» **Your goal**: All entries shown below must be given again word for word.

» **Records for this task**:
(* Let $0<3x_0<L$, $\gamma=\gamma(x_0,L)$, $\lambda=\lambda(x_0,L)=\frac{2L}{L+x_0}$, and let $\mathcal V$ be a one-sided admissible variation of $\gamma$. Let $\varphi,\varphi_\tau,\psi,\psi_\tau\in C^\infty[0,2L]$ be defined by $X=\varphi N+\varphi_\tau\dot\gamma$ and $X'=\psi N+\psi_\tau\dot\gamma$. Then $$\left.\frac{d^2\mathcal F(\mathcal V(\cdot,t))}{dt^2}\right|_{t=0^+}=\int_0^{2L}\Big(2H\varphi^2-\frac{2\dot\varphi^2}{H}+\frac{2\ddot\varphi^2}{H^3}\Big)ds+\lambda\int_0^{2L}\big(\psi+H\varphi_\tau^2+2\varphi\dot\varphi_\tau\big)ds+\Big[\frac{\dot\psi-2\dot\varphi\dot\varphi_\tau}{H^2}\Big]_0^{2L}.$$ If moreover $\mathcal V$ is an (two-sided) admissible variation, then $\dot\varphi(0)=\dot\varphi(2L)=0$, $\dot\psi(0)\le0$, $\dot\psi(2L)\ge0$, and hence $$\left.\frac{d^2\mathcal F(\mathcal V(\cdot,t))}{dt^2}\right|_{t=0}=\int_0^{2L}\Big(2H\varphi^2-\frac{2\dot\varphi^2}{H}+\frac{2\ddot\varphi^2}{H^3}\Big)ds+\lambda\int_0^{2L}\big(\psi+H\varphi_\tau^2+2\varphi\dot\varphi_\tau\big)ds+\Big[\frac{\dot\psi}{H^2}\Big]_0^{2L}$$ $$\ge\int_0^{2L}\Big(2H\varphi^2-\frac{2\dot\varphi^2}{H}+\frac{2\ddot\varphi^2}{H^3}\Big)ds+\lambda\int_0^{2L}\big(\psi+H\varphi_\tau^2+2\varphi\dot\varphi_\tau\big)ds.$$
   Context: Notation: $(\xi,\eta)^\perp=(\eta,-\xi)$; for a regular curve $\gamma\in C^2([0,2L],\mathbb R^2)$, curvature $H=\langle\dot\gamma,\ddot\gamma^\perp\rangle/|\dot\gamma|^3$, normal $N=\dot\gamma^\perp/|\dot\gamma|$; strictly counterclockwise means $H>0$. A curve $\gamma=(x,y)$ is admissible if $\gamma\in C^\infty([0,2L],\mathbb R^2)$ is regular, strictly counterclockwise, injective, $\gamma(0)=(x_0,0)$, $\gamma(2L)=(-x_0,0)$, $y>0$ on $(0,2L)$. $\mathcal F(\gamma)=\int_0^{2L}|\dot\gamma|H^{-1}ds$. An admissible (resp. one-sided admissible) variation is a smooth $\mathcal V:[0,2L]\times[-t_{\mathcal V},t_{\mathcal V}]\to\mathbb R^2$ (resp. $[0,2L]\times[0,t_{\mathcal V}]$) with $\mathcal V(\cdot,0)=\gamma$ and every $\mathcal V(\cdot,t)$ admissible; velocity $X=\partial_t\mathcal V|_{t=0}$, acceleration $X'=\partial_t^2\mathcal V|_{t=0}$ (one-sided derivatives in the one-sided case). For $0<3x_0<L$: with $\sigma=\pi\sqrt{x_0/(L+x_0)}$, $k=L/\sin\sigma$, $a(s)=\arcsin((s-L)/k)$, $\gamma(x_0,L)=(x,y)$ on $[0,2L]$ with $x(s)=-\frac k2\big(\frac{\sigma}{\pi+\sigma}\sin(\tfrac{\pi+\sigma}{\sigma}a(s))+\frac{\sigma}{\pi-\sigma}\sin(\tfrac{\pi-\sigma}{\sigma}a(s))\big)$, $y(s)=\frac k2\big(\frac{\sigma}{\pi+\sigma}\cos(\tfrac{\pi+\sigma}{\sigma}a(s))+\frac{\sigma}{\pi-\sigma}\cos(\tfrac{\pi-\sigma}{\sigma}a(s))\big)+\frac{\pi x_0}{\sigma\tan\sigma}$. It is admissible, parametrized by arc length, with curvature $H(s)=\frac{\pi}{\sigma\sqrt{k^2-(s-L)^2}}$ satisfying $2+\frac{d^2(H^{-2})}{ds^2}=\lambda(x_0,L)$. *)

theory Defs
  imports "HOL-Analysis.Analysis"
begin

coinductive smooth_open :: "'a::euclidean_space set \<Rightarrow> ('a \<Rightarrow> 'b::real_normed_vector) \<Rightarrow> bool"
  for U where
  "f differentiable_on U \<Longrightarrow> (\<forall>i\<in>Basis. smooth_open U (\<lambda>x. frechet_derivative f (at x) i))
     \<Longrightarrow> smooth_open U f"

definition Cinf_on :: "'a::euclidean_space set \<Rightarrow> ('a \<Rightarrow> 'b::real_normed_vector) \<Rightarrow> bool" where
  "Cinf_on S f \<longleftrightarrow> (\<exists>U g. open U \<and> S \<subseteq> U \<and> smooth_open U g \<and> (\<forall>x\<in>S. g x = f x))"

» **Task solution**:
(* Let $0<3x_0<L$, $\gamma=\gamma(x_0,L)$, $\lambda=\lambda(x_0,L)=\frac{2L}{L+x_0}$, and let $\mathcal V$ be a one-sided admissible variation of $\gamma$. Let $\varphi,\varphi_\tau,\psi,\psi_\tau\in C^\infty[0,2L]$ be defined by $X=\varphi N+\varphi_\tau\dot\gamma$ and $X'=\psi N+\psi_\tau\dot\gamma$. Then $$\left.\frac{d^2\mathcal F(\mathcal V(\cdot,t))}{dt^2}\right|_{t=0^+}=\int_0^{2L}\Big(2H\varphi^2-\frac{2\dot\varphi^2}{H}+\frac{2\ddot\varphi^2}{H^3}\Big)ds+\lambda\int_0^{2L}\big(\psi+H\varphi_\tau^2+2\varphi\dot\varphi_\tau\big)ds+\Big[\frac{\dot\psi-2\dot\varphi\dot\varphi_\tau}{H^2}\Big]_0^{2L}.$$ If moreover $\mathcal V$ is an (two-sided) admissible variation, then $\dot\varphi(0)=\dot\varphi(2L)=0$, $\dot\psi(0)\le0$, $\dot\psi(2L)\ge0$, and hence $$\left.\frac{d^2\mathcal F(\mathcal V(\cdot,t))}{dt^2}\right|_{t=0}=\int_0^{2L}\Big(2H\varphi^2-\frac{2\dot\varphi^2}{H}+\frac{2\ddot\varphi^2}{H^3}\Big)ds+\lambda\int_0^{2L}\big(\psi+H\varphi_\tau^2+2\varphi\dot\varphi_\tau\big)ds+\Big[\frac{\dot\psi}{H^2}\Big]_0^{2L}$$ $$\ge\int_0^{2L}\Big(2H\varphi^2-\frac{2\dot\varphi^2}{H}+\frac{2\ddot\varphi^2}{H^3}\Big)ds+\lambda\int_0^{2L}\big(\psi+H\varphi_\tau^2+2\varphi\dot\varphi_\tau\big)ds.$$
   Context: Notation: $(\xi,\eta)^\perp=(\eta,-\xi)$; for a regular curve $\gamma\in C^2([0,2L],\mathbb R^2)$, curvature $H=\langle\dot\gamma,\ddot\gamma^\perp\rangle/|\dot\gamma|^3$, normal $N=\dot\gamma^\perp/|\dot\gamma|$; strictly counterclockwise means $H>0$. A curve $\gamma=(x,y)$ is admissible if $\gamma\in C^\infty([0,2L],\mathbb R^2)$ is regular, strictly counterclockwise, injective, $\gamma(0)=(x_0,0)$, $\gamma(2L)=(-x_0,0)$, $y>0$ on $(0,2L)$. $\mathcal F(\gamma)=\int_0^{2L}|\dot\gamma|H^{-1}ds$. An admissible (resp. one-sided admissible) variation is a smooth $\mathcal V:[0,2L]\times[-t_{\mathcal V},t_{\mathcal V}]\to\mathbb R^2$ (resp. $[0,2L]\times[0,t_{\mathcal V}]$) with $\mathcal V(\cdot,0)=\gamma$ and every $\mathcal V(\cdot,t)$ admissible; velocity $X=\partial_t\mathcal V|_{t=0}$, acceleration $X'=\partial_t^2\mathcal V|_{t=0}$ (one-sided derivatives in the one-sided case). For $0<3x_0<L$: with $\sigma=\pi\sqrt{x_0/(L+x_0)}$, $k=L/\sin\sigma$, $a(s)=\arcsin((s-L)/k)$, $\gamma(x_0,L)=(x,y)$ on $[0,2L]$ with $x(s)=-\frac k2\big(\frac{\sigma}{\pi+\sigma}\sin(\tfrac{\pi+\sigma}{\sigma}a(s))+\frac{\sigma}{\pi-\sigma}\sin(\tfrac{\pi-\sigma}{\sigma}a(s))\big)$, $y(s)=\frac k2\big(\frac{\sigma}{\pi+\sigma}\cos(\tfrac{\pi+\sigma}{\sigma}a(s))+\frac{\sigma}{\pi-\sigma}\cos(\tfrac{\pi-\sigma}{\sigma}a(s))\big)+\frac{\pi x_0}{\sigma\tan\sigma}$. It is admissible, parametrized by arc length, with curvature $H(s)=\frac{\pi}{\sigma\sqrt{k^2-(s-L)^2}}$ satisfying $2+\frac{d^2(H^{-2})}{ds^2}=\lambda(x_0,L)$. *)

theory Defs
  imports "HOL-Analysis.Analysis"
begin

coinductive smooth_open :: "'a::euclidean_space set \<Rightarrow> ('a \<Rightarrow> 'b::real_normed_vector) \<Rightarrow> bool"
  for U where
  "f differentiable_on U \<Longrightarrow> (\<forall>i\<in>Basis. smooth_open U (\<lambda>x. frechet_derivative f (at x) i))
     \<Longrightarrow> smooth_open U f"

definition Cinf_on :: "'a::euclidean_space set \<Rightarrow> ('a \<Rightarrow> 'b::real_normed_vector) \<Rightarrow> bool" where
  "Cinf_on S f \<longleftrightarrow> (\<exists>U g. open U \<and> S \<subseteq> U \<and> smooth_open U g \<and> (\<forall>x\<in>S. g x = f x))"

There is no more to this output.